→ **Your task**
Retype exactly the lines that run from the start of the data to the line holding "section \<open>Partial operators", including both, and only those.
---------- Exercise inputs ----------
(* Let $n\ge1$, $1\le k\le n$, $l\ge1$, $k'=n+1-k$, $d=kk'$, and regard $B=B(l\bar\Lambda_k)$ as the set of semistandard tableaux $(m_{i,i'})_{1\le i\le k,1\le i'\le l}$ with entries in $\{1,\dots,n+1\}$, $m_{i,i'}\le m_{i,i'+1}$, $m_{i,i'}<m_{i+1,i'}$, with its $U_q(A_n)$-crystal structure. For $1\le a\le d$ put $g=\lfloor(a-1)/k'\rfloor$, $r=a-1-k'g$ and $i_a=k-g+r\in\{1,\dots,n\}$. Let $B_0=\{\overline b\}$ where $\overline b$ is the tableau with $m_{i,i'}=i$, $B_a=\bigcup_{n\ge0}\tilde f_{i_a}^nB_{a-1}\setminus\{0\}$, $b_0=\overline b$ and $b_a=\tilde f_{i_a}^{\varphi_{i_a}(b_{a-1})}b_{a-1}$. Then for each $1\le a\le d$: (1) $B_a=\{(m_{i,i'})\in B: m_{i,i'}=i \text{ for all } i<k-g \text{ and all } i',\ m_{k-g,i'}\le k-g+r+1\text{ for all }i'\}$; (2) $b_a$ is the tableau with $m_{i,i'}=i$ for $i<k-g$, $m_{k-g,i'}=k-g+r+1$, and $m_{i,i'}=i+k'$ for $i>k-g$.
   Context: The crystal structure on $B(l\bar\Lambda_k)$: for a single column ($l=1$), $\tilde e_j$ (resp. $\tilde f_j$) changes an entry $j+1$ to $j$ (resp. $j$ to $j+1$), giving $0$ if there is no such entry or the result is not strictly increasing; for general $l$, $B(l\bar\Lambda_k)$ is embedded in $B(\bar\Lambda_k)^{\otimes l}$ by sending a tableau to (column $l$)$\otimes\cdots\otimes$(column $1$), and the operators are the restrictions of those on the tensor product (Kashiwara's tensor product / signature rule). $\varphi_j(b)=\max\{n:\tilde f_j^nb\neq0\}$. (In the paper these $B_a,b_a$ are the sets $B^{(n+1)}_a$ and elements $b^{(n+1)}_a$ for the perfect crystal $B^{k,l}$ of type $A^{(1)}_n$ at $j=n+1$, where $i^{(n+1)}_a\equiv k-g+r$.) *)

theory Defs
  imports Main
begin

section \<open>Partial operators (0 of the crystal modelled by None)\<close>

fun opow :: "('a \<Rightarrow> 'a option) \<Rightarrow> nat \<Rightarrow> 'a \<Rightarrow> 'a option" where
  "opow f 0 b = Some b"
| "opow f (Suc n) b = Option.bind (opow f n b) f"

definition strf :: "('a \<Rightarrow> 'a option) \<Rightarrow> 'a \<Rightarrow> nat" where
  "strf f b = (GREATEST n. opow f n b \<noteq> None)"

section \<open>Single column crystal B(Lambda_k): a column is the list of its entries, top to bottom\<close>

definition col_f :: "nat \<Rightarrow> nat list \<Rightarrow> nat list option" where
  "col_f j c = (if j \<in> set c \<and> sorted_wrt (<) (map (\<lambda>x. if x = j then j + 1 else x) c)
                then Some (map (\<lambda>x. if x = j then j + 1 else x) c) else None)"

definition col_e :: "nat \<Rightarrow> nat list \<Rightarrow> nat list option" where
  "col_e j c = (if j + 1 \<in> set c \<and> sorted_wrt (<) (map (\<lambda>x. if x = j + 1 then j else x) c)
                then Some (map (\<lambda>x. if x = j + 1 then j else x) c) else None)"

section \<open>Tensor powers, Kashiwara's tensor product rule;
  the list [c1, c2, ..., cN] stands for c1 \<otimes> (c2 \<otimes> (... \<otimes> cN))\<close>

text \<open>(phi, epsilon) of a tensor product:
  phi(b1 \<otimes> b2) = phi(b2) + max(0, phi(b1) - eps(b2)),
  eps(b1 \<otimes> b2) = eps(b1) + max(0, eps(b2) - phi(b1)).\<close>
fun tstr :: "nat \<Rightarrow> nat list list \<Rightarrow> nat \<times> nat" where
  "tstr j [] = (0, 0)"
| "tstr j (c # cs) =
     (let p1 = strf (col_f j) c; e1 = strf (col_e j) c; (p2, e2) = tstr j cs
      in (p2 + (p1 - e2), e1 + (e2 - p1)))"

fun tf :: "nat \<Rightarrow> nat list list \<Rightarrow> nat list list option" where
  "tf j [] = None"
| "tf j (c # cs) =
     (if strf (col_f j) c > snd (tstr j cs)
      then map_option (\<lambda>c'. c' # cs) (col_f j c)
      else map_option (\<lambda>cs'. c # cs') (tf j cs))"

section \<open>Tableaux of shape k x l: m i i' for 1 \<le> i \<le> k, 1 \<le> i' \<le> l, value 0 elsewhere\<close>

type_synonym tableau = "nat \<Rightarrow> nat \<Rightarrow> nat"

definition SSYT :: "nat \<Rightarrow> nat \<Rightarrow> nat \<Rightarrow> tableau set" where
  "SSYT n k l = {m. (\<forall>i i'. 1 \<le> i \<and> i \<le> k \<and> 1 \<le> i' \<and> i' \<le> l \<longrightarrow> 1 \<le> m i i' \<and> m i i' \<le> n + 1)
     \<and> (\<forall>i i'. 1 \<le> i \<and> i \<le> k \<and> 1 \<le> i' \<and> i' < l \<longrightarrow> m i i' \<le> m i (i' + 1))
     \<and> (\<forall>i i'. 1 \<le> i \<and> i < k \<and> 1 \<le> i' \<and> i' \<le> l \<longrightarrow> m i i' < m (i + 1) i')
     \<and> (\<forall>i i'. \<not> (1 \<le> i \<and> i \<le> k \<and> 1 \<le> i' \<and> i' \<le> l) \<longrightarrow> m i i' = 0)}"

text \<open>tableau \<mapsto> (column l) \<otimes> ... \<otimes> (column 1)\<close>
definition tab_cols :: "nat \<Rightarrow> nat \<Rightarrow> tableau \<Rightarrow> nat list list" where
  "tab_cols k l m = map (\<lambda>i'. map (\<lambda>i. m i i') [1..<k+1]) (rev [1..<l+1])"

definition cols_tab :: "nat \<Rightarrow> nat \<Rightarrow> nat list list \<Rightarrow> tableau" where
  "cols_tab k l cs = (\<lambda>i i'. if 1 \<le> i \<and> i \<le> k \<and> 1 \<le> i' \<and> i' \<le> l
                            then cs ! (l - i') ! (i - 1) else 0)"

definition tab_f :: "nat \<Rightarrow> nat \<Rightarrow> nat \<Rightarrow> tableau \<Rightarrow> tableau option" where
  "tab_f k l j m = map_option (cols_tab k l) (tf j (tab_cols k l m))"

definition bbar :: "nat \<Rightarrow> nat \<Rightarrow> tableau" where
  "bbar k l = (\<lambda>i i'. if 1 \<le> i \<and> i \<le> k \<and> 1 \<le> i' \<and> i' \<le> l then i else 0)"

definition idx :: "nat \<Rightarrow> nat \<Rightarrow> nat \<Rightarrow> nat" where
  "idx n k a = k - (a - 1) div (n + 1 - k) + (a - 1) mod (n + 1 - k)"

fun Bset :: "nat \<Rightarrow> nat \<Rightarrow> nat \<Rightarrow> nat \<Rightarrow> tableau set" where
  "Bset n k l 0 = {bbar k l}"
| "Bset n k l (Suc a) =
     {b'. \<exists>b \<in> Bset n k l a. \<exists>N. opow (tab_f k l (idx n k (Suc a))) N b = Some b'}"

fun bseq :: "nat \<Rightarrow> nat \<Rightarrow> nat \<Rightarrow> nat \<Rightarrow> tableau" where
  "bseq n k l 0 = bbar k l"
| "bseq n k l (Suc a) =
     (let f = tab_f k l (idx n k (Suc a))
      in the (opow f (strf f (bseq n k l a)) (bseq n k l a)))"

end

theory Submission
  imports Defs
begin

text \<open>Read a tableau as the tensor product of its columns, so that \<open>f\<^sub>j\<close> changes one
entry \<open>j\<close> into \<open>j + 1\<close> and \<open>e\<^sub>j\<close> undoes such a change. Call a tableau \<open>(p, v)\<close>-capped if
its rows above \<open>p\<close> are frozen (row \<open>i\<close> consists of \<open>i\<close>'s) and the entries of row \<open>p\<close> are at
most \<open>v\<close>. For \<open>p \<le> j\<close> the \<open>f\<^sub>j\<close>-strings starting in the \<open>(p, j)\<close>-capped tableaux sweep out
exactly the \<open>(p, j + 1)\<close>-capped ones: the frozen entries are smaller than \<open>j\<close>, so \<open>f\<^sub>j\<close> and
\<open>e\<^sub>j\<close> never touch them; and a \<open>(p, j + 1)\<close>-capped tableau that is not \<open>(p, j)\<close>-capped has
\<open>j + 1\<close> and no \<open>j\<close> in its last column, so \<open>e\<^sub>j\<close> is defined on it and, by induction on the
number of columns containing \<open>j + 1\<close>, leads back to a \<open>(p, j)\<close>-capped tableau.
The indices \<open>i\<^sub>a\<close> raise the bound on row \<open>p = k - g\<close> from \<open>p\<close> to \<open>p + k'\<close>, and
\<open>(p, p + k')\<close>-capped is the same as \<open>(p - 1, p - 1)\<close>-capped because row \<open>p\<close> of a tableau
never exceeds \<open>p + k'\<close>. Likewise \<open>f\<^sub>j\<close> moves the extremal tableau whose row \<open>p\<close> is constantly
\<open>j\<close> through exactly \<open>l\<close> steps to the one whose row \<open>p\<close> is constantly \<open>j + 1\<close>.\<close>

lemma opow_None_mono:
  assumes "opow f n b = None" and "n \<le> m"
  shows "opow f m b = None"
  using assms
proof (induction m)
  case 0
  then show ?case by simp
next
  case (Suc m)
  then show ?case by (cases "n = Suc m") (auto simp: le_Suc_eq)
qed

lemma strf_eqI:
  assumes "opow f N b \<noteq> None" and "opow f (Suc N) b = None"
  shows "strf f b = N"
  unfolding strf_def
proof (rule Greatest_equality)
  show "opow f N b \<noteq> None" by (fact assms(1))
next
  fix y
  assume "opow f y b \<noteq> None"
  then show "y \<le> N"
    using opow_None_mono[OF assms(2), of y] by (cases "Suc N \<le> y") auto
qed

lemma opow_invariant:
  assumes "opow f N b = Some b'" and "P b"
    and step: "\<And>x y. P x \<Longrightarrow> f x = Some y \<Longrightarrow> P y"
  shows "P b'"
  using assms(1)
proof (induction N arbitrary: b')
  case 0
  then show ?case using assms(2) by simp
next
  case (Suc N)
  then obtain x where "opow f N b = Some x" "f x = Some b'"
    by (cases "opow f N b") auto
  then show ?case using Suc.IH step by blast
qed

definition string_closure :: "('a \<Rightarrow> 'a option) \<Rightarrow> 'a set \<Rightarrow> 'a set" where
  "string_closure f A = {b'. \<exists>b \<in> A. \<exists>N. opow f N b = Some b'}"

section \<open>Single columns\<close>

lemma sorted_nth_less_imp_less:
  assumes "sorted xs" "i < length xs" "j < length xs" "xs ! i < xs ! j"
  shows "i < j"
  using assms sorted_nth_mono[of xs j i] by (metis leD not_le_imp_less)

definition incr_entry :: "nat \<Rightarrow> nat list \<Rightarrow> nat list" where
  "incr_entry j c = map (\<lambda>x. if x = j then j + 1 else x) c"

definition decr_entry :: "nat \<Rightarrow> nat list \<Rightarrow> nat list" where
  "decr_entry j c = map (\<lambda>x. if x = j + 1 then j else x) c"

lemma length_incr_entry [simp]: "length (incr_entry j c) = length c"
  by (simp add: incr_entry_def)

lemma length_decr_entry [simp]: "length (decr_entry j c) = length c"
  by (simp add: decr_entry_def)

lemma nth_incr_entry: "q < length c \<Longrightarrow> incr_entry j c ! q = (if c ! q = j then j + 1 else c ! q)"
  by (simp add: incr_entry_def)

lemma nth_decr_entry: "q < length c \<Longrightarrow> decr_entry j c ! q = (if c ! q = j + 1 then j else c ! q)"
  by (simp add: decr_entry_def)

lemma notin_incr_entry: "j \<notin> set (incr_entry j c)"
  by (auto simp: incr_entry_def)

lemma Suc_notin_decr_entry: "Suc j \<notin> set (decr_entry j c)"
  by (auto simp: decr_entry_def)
----------
→ **Your solution**
(* Let $n\ge1$, $1\le k\le n$, $l\ge1$, $k'=n+1-k$, $d=kk'$, and regard $B=B(l\bar\Lambda_k)$ as the set of semistandard tableaux $(m_{i,i'})_{1\le i\le k,1\le i'\le l}$ with entries in $\{1,\dots,n+1\}$, $m_{i,i'}\le m_{i,i'+1}$, $m_{i,i'}<m_{i+1,i'}$, with its $U_q(A_n)$-crystal structure. For $1\le a\le d$ put $g=\lfloor(a-1)/k'\rfloor$, $r=a-1-k'g$ and $i_a=k-g+r\in\{1,\dots,n\}$. Let $B_0=\{\overline b\}$ where $\overline b$ is the tableau with $m_{i,i'}=i$, $B_a=\bigcup_{n\ge0}\tilde f_{i_a}^nB_{a-1}\setminus\{0\}$, $b_0=\overline b$ and $b_a=\tilde f_{i_a}^{\varphi_{i_a}(b_{a-1})}b_{a-1}$. Then for each $1\le a\le d$: (1) $B_a=\{(m_{i,i'})\in B: m_{i,i'}=i \text{ for all } i<k-g \text{ and all } i',\ m_{k-g,i'}\le k-g+r+1\text{ for all }i'\}$; (2) $b_a$ is the tableau with $m_{i,i'}=i$ for $i<k-g$, $m_{k-g,i'}=k-g+r+1$, and $m_{i,i'}=i+k'$ for $i>k-g$.
   Context: The crystal structure on $B(l\bar\Lambda_k)$: for a single column ($l=1$), $\tilde e_j$ (resp. $\tilde f_j$) changes an entry $j+1$ to $j$ (resp. $j$ to $j+1$), giving $0$ if there is no such entry or the result is not strictly increasing; for general $l$, $B(l\bar\Lambda_k)$ is embedded in $B(\bar\Lambda_k)^{\otimes l}$ by sending a tableau to (column $l$)$\otimes\cdots\otimes$(column $1$), and the operators are the restrictions of those on the tensor product (Kashiwara's tensor product / signature rule). $\varphi_j(b)=\max\{n:\tilde f_j^nb\neq0\}$. (In the paper these $B_a,b_a$ are the sets $B^{(n+1)}_a$ and elements $b^{(n+1)}_a$ for the perfect crystal $B^{k,l}$ of type $A^{(1)}_n$ at $j=n+1$, where $i^{(n+1)}_a\equiv k-g+r$.) *)

theory Defs
  imports Main
begin

section \<open>Partial operators (0 of the crystal modelled by None)\<close>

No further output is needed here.